Empecé el domingo saliendo de grupos de whatsapp. Dos diosas
en acción, grupo que hice con una amiga con el objetivo de cuidarnos con la
comida y hacer ejercicio. Inactivo ya no recuerdo hace cuánto. Fracaso
absoluto, el grupo y el resultado. Salir del grupo. Borrar grupo. Cena Rodney,
grupo para alguna reunión en mi casa. Debut y despedida. Después empezamos a
juntarnos en lo de una amiga que vive en la calle Perón. Nuevo grupo: Hoy
Perón. Ese grupo queda, obvio. Cena Rodney se va. Salir del grupo. Borrar grupo.
Coro: salir del grupo, borrar grupo. Capoeira: salir del grupo, borrar grupo.

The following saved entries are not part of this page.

(* Let $N\ge2$, $m=[N/2]$, $\lambda=(\lambda_1,\dots,\lambda_N)\in\mathbb{C}^N$ and $\kappa^\pm=(\kappa^\pm_1,\dots,\kappa^\pm_m)\in(0,\infty)^m$. For $j=1,\dots,m$ let $\alpha^\pm_j=e_{2j-1}\pm e_{2j}$ and let $\tau^\pm_j$ be the orthogonal projection onto $(\alpha_j^\pm)^\perp$, $\tau^\pm_jx=x-\frac{\langle x,\alpha^\pm_j\rangle}{2}\alpha^\pm_j$. For $\xi\in\mathbb{R}^N$ define $$(T_\xi f)(x)=\partial_\xi f(x)+\sum_{j=1}^m\Big(\kappa^-_j\langle\alpha^-_j,\xi\rangle\frac{f(x)-f(\tau^-_jx)}{\langle x,\alpha^-_j\rangle}+\kappa^+_j\langle\alpha^+_j,\xi\rangle\frac{f(x)-f(\tau^+_jx)}{\langle x,\alpha^+_j\rangle}\Big),$$ extended complex-linearly to $\xi\in\mathbb{C}^N$. Let $h(0,x)=x-\sum_{j=1}^m\sum_{\pm}\frac{\langle x,\alpha^\pm_j\rangle}{2}\alpha^\pm_j$. Then the problem $$T_\xi f=i\langle\lambda,\xi\rangle f\ \ \text{for all }\xi\in\mathbb{C}^N,\qquad f(0)=1,$$ has a unique analytic solution, given by $$M_\kappa(\lambda,x)=e^{i\langle\lambda,h(0,x)\rangle}\prod_{j=1}^m M_{\kappa^-_j}\Big(\tfrac{i}{2}(\lambda_{2j-1}-\lambda_{2j})(x_{2j-1}-x_{2j})\Big)\,M_{\kappa^+_j}\Big(\tfrac{i}{2}(\lambda_{2j-1}+\lambda_{2j})(x_{2j-1}+x_{2j})\Big),$$ where $M_{c}(z)=M(1,c+1;z)=\sum_{n\ge0}\frac{z^n}{(c+1)_n}$.
   Context: $e_1,\dots,e_N$ is the standard basis of $\mathbb{R}^N$, $\langle\cdot,\cdot\rangle$ the (bilinear) standard pairing, $\partial_\xi$ the directional derivative, $[N/2]$ the integer part, $(a)_n=\Gamma(a+n)/\Gamma(a)$. For analytic $f$ the difference quotients are understood as their analytic extensions across the hyperplanes $\langle x,\alpha^\pm_j\rangle=0$. The vectors $\alpha^\pm_j$ form a positive orthogonal subsystem of the root system $B_N=\{\pm e_i\pm e_j\ (i<j),\ \pm e_i\}$. *)

theory Defs
  imports "HOL-Analysis.Analysis"
begin

text \<open>Coordinates: \<open>idx :: nat \<Rightarrow> 'n\<close> enumerates the coordinates of \<open>real ^ 'n\<close>
  as \<open>1..N\<close>; the standard basis vector \<open>e_k\<close> is \<open>axis (idx k) 1\<close>.\<close>

definition ebas :: "(nat \<Rightarrow> 'n::finite) \<Rightarrow> nat \<Rightarrow> real ^ 'n" where
  "ebas idx k = axis (idx k) 1"

definition alpha_minus :: "(nat \<Rightarrow> 'n::finite) \<Rightarrow> nat \<Rightarrow> real ^ 'n" where
  "alpha_minus idx j = ebas idx (2*j - 1) - ebas idx (2*j)"

definition alpha_plus :: "(nat \<Rightarrow> 'n::finite) \<Rightarrow> nat \<Rightarrow> real ^ 'n" where
  "alpha_plus idx j = ebas idx (2*j - 1) + ebas idx (2*j)"

text \<open>Orthogonal projection onto the hyperplane orthogonal to \<open>a\<close> (\<open>|a|^2 = 2\<close>).\<close>
definition tau :: "real ^ 'n \<Rightarrow> real ^ 'n \<Rightarrow> real ^ 'n" where
  "tau a x = x - (inner x a / 2) *\<^sub>R a"

definition real_analytic_on :: "(real ^ 'n::finite \<Rightarrow> complex) \<Rightarrow> (real ^ 'n) set \<Rightarrow> bool" where
  "real_analytic_on f S \<longleftrightarrow>
     (\<forall>a\<in>S. \<exists>r>0. \<exists>c :: ('n \<Rightarrow> nat) \<Rightarrow> complex.
        \<forall>x. dist x a < r \<longrightarrow>
          ((\<lambda>\<alpha>. c \<alpha> * complex_of_real (\<Prod>i\<in>UNIV. (x $ i - a $ i) ^ \<alpha> i)) has_sum f x) UNIV)"

definition dirderiv :: "(real ^ 'n::finite \<Rightarrow> complex) \<Rightarrow> real ^ 'n \<Rightarrow> real ^ 'n \<Rightarrow> complex" where
  "dirderiv f \<xi> x = vector_derivative (\<lambda>t::real. f (x + t *\<^sub>R \<xi>)) (at 0)"

definition diffquot :: "(real ^ 'n::finite \<Rightarrow> complex) \<Rightarrow> real ^ 'n \<Rightarrow> real ^ 'n \<Rightarrow> complex" where
  "diffquot f a x = (f x - f (tau a x)) / complex_of_real (inner x a)"

definition T_real :: "(nat \<Rightarrow> 'n::finite) \<Rightarrow> nat \<Rightarrow> (nat \<Rightarrow> real) \<Rightarrow> (nat \<Rightarrow> real)
    \<Rightarrow> (real ^ 'n \<Rightarrow> complex) \<Rightarrow> real ^ 'n \<Rightarrow> real ^ 'n \<Rightarrow> complex" where
  "T_real idx N km kp f \<xi> x =
     dirderiv f \<xi> x +
     (\<Sum>j=1..N div 2.
        complex_of_real (km j * inner (alpha_minus idx j) \<xi>) * diffquot f (alpha_minus idx j) x
      + complex_of_real (kp j * inner (alpha_plus idx j) \<xi>) * diffquot f (alpha_plus idx j) x)"

definition T_cplx :: "(nat \<Rightarrow> 'n::finite) \<Rightarrow> nat \<Rightarrow> (nat \<Rightarrow> real) \<Rightarrow> (nat \<Rightarrow> real)
    \<Rightarrow> (real ^ 'n \<Rightarrow> complex) \<Rightarrow> complex ^ 'n \<Rightarrow> real ^ 'n \<Rightarrow> complex" where
  "T_cplx idx N km kp f \<xi> x =
     T_real idx N km kp f (\<chi> i. Re (\<xi> $ i)) x + \<i> * T_real idx N km kp f (\<chi> i. Im (\<xi> $ i)) x"

definition cpair :: "complex ^ 'n::finite \<Rightarrow> complex ^ 'n \<Rightarrow> complex" where
  "cpair u v = (\<Sum>i\<in>UNIV. u $ i * v $ i)"

definition rpair :: "complex ^ 'n::finite \<Rightarrow> real ^ 'n \<Rightarrow> complex" where
  "rpair u y = (\<Sum>i\<in>UNIV. u $ i * complex_of_real (y $ i))"

definition h0 :: "(nat \<Rightarrow> 'n::finite) \<Rightarrow> nat \<Rightarrow> real ^ 'n \<Rightarrow> real ^ 'n" where
  "h0 idx N x = x - (\<Sum>j=1..N div 2.
        (inner x (alpha_minus idx j) / 2) *\<^sub>R alpha_minus idx j
      + (inner x (alpha_plus idx j) / 2) *\<^sub>R alpha_plus idx j)"

definition Mconf :: "real \<Rightarrow> complex \<Rightarrow> complex" where
  "Mconf c z = (\<Sum>n. z ^ n / pochhammer (complex_of_real c + 1) n)"

definition Mkappa :: "(nat \<Rightarrow> 'n::finite) \<Rightarrow> nat \<Rightarrow> (nat \<Rightarrow> real) \<Rightarrow> (nat \<Rightarrow> real)
    \<Rightarrow> complex ^ 'n \<Rightarrow> real ^ 'n \<Rightarrow> complex" where
  "Mkappa idx N km kp lam x =
     exp (\<i> * rpair lam (h0 idx N x)) *
     (\<Prod>j=1..N div 2.
        Mconf (km j) (\<i> / 2 * (lam $ idx (2*j-1) - lam $ idx (2*j))
                      * complex_of_real (x $ idx (2*j-1) - x $ idx (2*j)))
      * Mconf (kp j) (\<i> / 2 * (lam $ idx (2*j-1) + lam $ idx (2*j))
                      * complex_of_real (x $ idx (2*j-1) + x $ idx (2*j))))"

text \<open>Eigenvalue problem, required at every point off the hyperplanes
  \<open>\<langle>x,\<alpha>^\<pm>_j\<rangle> = 0\<close> (for analytic \<open>f\<close> this is equivalent to the equation on all
  of \<open>\<real>^N\<close> with the difference quotients analytically extended).\<close>
definition solves_eigen :: "(nat \<Rightarrow> 'n::finite) \<Rightarrow> nat \<Rightarrow> (nat \<Rightarrow> real) \<Rightarrow> (nat \<Rightarrow> real)
    \<Rightarrow> complex ^ 'n \<Rightarrow> (real ^ 'n \<Rightarrow> complex) \<Rightarrow> bool" where
  "solves_eigen idx N km kp lam f \<longleftrightarrow>
     (\<forall>\<xi> :: complex ^ 'n. \<forall>x :: real ^ 'n.
        (\<forall>j\<in>{1..N div 2}. inner x (alpha_minus idx j) \<noteq> 0 \<and> inner x (alpha_plus idx j) \<noteq> 0)
        \<longrightarrow> T_cplx idx N km kp f \<xi> x = \<i> * cpair lam \<xi> * f x)"

end

(*
  On a line x + t a in the direction of a root a the eigenvalue equation for f becomes
  phi' + kappa (phi t - phi 0) / t = i mu phi, and its only solution continuous at 0 is
  phi 0 * M_kappa (i mu t).
  As the roots are mutually orthogonal, projecting away one root after the other (and e_N, with
  kappa = 0, when N is odd) gives f x = f 0 * exp (i <lam, h(0,x)>) * product of the M factors.
  The equation only holds off the hyperplanes <x, a> = 0, but their complement is dense and f is
  continuous.

  Along each root direction M_kappa(lam, .) is a constant times M_c (w (u + 2 s)), and
  Kummer's equation integrated once, z M_c' + c (M_c - 1) = z M_c, is exactly the eigenvalue
  equation in that direction. Both sides of the equation are linear in xi, and the roots together
  with e_N span R^N. Analyticity holds because every factor is an entire function of a linear
  form in at most two coordinates.
*)

theory Submission
  imports Defs "HOL-Complex_Analysis.Cauchy_Integral_Formula"
begin

section \<open>The confluent hypergeometric function \<open>M(1, c + 1; z)\<close>\<close>

definition Mconf_coeff :: "real \<Rightarrow> nat \<Rightarrow> complex" where
  "Mconf_coeff c n = inverse (pochhammer (of_real c + 1) n)"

No me va el zoom para esas actividades. Y mi atención se dispersa con tantos
mensajes. Mi grupo de corredores queda. Amo hacer gimnasia con ellos tres veces
por semana. Son lo más. Grupos laborales quedan, por razones obvias. Aunque en
cualquier momento me animo también con esos.
Pienso que cuando termine la
cuarentena estaría bueno mantener estos cambios, reducir la cantidad de
contactos y actividades. Si algo estoy aprendiendo de todo esto es a poder
hacerme tiempos y espacios para mí, tratar de no seguir la corriente, fluir a
mi ritmo.
Pongo a cargar el celular. Las clases ya las tengo más o
menos armadas, la tecnología cada vez tiene menos secretos para mí, ponele.
Decido escribir, ¿sobre qué podría ser? Pienso que quizás escribir esto que me
está pasando no es una mala idea. Al rato me doy cuenta de que el celular quedó
como reiniciándose. Este se tomó la liberación en serio, pienso.
Mi familia intenta lo que ellos creen que me ayuda, o sea,
solucionar el problema. Yo siento una alegría y un vértigo que se me suben al
corazón. Les digo que no se preocupen. Más allá de un poco de miedo, quizás
algún mensaje realmente importante que pueda no llegar, la felicidad que me produce es increíble. No
tengo nada de ganas de arreglarlo. Creo que lo voy a dejar así.